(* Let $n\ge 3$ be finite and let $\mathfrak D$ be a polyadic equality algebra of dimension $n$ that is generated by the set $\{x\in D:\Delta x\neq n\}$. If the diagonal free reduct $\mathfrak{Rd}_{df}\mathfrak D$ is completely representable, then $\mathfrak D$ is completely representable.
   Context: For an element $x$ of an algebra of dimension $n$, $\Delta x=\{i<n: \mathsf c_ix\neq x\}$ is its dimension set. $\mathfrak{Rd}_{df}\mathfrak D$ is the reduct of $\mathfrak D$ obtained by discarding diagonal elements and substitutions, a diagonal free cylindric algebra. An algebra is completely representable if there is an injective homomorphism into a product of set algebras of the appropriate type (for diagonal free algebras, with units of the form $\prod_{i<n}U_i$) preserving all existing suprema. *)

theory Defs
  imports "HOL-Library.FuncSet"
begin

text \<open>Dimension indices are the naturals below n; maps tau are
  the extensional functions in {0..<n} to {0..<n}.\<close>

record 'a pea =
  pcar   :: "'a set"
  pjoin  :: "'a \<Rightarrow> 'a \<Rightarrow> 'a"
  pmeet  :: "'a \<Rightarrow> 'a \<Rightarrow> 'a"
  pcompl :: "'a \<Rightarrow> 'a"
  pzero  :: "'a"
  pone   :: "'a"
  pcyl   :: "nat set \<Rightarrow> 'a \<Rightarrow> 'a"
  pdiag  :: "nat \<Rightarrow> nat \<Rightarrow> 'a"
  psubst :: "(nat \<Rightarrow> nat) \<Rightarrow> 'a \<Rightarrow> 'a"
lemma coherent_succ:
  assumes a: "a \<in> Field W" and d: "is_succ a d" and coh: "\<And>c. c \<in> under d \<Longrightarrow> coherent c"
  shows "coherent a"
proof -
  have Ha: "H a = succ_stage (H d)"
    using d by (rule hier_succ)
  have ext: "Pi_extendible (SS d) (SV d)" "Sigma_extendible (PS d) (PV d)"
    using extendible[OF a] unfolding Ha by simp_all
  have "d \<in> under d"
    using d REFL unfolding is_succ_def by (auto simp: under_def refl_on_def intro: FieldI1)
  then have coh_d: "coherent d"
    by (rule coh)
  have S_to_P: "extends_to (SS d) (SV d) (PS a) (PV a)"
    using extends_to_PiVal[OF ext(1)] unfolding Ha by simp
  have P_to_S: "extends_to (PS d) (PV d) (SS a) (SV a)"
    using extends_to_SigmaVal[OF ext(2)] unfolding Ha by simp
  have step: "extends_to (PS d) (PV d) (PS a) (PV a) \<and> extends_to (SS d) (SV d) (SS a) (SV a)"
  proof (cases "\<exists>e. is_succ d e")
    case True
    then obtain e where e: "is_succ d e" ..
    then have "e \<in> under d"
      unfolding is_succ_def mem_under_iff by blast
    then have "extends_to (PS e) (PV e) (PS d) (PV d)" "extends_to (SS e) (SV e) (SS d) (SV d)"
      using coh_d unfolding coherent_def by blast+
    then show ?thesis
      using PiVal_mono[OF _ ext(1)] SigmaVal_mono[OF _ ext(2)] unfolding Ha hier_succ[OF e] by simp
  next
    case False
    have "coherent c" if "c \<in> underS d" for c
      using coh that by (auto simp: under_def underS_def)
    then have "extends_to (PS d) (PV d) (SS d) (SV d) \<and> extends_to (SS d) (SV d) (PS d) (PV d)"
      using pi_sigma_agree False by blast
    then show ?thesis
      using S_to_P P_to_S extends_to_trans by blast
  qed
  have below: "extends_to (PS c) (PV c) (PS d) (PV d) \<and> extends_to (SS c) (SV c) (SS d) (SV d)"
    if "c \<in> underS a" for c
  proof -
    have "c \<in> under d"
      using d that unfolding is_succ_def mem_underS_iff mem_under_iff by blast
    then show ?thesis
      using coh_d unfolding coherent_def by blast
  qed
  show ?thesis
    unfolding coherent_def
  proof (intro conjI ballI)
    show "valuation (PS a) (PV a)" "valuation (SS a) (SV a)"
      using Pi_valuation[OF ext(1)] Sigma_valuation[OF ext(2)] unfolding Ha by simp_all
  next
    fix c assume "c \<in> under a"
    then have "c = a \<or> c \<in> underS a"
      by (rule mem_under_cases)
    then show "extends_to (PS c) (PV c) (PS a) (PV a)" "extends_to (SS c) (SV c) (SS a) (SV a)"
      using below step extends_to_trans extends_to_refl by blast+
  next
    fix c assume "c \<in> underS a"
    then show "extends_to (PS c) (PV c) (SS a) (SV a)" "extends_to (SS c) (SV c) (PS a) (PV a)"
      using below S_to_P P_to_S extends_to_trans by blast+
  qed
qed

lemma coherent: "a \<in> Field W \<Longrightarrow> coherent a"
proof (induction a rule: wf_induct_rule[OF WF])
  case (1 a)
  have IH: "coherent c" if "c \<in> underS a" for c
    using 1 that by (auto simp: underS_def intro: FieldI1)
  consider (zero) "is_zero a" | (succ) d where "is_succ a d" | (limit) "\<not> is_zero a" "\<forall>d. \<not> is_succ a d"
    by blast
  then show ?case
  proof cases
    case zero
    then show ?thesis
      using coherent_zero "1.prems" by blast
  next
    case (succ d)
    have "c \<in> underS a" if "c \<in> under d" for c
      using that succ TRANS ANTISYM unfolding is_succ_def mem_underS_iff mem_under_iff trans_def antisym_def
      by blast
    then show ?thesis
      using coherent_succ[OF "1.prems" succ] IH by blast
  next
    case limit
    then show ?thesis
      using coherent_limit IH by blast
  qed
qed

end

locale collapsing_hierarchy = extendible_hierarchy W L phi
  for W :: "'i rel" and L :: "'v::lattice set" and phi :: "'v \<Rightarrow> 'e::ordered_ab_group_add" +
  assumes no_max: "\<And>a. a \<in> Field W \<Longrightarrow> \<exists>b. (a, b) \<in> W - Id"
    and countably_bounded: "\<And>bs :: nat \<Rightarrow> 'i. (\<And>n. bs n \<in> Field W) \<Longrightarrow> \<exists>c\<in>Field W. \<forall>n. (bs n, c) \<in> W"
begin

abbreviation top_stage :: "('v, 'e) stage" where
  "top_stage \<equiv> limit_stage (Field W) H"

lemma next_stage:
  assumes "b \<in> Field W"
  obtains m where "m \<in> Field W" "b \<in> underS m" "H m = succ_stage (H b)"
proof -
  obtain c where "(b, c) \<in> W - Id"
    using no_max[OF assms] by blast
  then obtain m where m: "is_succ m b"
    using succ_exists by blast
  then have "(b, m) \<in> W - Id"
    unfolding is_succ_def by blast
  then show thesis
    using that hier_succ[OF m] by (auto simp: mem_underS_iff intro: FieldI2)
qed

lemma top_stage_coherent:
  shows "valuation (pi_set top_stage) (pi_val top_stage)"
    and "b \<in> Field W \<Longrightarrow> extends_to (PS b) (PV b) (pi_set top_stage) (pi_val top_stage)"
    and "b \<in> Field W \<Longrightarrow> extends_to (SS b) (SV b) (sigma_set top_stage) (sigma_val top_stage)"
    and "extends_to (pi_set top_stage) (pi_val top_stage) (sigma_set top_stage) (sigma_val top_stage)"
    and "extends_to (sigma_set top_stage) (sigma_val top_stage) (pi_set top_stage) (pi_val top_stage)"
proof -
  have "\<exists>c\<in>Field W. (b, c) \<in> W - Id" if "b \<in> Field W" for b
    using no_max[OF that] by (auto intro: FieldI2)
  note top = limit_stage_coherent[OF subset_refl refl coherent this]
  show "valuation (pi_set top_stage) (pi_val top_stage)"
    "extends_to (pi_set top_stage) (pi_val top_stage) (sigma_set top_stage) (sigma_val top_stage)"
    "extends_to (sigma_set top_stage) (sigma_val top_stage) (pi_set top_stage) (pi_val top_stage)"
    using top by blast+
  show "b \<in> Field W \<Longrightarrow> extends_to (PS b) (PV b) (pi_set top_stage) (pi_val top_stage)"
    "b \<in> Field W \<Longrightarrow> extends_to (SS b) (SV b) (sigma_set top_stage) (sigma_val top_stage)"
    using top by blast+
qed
--
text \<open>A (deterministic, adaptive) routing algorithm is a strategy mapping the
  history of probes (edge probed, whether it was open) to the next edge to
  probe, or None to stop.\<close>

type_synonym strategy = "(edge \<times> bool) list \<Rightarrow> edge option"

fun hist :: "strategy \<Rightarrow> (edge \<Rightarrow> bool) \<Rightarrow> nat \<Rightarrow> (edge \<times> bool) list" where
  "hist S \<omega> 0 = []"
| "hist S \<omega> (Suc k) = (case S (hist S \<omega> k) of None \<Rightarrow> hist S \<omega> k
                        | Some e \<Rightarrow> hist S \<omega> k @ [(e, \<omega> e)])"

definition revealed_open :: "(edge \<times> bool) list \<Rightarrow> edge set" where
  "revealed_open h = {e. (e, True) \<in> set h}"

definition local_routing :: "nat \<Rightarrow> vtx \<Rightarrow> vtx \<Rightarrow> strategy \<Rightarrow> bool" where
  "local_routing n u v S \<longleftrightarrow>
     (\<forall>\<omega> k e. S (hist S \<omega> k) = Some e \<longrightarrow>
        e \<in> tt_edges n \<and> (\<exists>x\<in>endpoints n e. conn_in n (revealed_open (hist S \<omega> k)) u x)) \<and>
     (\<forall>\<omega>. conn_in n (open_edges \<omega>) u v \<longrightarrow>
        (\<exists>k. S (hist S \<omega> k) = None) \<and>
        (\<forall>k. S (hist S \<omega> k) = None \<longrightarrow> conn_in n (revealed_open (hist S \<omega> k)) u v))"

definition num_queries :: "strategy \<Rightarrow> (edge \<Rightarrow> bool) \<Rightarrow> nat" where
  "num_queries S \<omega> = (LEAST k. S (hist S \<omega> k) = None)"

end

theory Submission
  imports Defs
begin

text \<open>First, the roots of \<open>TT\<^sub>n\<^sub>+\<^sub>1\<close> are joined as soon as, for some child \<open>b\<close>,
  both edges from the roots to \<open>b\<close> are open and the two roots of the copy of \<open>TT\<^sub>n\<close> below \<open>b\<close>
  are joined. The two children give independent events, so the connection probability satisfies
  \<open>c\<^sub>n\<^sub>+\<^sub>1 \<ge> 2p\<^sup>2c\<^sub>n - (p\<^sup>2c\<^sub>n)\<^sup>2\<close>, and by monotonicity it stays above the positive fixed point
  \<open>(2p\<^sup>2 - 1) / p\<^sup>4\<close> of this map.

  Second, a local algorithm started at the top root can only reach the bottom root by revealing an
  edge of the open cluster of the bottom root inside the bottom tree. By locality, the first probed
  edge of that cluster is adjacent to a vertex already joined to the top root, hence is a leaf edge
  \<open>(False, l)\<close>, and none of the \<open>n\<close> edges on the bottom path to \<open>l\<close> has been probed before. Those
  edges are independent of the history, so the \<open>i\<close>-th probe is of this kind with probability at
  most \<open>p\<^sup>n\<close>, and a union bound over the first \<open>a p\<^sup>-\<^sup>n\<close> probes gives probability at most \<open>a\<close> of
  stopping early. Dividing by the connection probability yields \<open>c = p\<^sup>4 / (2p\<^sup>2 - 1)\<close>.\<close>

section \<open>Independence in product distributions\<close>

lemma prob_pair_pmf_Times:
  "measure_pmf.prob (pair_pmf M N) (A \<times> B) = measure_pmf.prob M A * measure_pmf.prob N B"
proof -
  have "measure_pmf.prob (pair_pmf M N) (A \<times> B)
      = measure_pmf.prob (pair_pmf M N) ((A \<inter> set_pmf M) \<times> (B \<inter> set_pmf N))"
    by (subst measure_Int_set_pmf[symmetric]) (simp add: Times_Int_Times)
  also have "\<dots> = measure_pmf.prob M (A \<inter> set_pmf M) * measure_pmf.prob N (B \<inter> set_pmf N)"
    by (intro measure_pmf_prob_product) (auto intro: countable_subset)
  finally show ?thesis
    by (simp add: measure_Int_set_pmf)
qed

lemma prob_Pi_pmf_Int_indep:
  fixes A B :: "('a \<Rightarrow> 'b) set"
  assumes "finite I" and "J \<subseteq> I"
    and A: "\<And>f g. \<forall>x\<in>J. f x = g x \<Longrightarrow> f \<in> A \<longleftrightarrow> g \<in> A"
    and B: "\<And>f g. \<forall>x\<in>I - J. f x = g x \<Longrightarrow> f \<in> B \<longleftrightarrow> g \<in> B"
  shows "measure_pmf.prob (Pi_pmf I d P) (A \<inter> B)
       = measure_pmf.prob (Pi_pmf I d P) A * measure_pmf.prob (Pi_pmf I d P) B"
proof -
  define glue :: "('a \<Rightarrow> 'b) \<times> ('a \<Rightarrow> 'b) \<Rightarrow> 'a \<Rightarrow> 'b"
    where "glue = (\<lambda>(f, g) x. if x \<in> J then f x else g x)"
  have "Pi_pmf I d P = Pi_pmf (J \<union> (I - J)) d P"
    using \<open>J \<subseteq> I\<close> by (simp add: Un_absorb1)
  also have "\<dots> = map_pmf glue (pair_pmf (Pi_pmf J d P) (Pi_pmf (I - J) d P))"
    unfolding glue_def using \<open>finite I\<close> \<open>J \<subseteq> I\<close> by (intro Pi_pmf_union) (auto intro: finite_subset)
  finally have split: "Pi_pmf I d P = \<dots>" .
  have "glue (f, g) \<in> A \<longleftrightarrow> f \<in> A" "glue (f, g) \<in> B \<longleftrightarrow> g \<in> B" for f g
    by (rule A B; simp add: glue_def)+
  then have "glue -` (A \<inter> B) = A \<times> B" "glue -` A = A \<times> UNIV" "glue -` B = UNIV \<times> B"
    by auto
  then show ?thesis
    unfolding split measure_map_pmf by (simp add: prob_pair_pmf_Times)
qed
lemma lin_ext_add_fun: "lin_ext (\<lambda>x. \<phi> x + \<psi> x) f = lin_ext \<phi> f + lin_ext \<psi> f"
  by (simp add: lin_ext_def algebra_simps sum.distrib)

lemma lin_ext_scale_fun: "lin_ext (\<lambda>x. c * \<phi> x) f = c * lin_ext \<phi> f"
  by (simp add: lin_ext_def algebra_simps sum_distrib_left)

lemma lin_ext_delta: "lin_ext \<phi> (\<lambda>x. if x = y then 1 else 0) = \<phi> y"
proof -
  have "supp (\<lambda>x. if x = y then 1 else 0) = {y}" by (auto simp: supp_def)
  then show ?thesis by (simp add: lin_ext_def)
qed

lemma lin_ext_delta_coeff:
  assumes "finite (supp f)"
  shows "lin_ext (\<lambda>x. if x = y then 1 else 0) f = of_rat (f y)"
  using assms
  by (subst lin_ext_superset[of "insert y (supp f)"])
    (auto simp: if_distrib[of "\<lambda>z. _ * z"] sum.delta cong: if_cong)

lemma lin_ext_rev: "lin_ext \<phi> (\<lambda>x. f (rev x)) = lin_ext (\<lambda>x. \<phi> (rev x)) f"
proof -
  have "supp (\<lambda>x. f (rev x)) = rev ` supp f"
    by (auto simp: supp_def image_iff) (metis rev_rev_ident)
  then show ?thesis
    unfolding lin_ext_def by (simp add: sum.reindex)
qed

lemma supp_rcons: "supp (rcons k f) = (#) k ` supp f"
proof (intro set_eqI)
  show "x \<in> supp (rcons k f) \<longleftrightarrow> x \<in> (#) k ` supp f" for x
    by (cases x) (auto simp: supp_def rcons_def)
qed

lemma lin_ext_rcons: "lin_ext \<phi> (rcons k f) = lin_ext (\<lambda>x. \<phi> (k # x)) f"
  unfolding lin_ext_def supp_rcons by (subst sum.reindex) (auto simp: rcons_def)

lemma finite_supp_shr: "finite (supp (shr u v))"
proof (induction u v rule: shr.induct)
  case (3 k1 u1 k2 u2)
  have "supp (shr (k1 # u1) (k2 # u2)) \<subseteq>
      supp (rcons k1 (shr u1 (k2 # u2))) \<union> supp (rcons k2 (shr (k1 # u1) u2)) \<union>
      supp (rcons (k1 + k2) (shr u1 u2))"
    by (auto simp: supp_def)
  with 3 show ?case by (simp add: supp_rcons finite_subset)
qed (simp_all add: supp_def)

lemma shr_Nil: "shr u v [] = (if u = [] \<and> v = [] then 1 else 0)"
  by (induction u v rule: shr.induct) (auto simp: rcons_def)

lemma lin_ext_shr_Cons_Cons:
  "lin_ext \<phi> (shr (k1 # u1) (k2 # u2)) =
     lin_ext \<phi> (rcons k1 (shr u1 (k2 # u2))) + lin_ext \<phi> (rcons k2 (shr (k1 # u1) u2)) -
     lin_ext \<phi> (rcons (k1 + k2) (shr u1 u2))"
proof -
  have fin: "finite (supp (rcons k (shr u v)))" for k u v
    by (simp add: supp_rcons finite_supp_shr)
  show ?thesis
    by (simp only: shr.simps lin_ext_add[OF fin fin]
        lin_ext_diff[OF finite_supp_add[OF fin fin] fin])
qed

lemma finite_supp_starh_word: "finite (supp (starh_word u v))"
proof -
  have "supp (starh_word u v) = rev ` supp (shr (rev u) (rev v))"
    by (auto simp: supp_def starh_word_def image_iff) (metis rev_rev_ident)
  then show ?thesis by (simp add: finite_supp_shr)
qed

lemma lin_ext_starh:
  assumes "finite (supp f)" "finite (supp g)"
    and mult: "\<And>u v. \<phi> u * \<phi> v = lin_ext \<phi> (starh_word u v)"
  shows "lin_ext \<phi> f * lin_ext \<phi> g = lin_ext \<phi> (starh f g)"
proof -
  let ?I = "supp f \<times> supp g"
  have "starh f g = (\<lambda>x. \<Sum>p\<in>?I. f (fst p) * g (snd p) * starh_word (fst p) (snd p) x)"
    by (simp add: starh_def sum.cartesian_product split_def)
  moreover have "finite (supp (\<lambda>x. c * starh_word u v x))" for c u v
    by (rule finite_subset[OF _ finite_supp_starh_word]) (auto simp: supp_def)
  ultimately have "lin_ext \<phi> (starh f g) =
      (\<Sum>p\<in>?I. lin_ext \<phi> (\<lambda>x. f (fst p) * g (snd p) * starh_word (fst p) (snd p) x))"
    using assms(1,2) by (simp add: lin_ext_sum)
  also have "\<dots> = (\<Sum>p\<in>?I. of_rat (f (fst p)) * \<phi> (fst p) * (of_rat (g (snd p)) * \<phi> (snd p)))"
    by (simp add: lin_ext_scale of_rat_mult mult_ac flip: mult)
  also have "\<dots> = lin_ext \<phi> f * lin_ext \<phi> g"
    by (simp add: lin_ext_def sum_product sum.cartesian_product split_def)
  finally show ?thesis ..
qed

> [PROMPT]: The word "mult" is the filter: copy every line of the listing above that contains it.

> [ANSWER FOR THIS EXERCISE]:
    and mult: "\<And>u v. \<phi> u * \<phi> v = lin_ext \<phi> (starh_word u v)"
    by (simp add: lin_ext_scale of_rat_mult mult_ac flip: mult)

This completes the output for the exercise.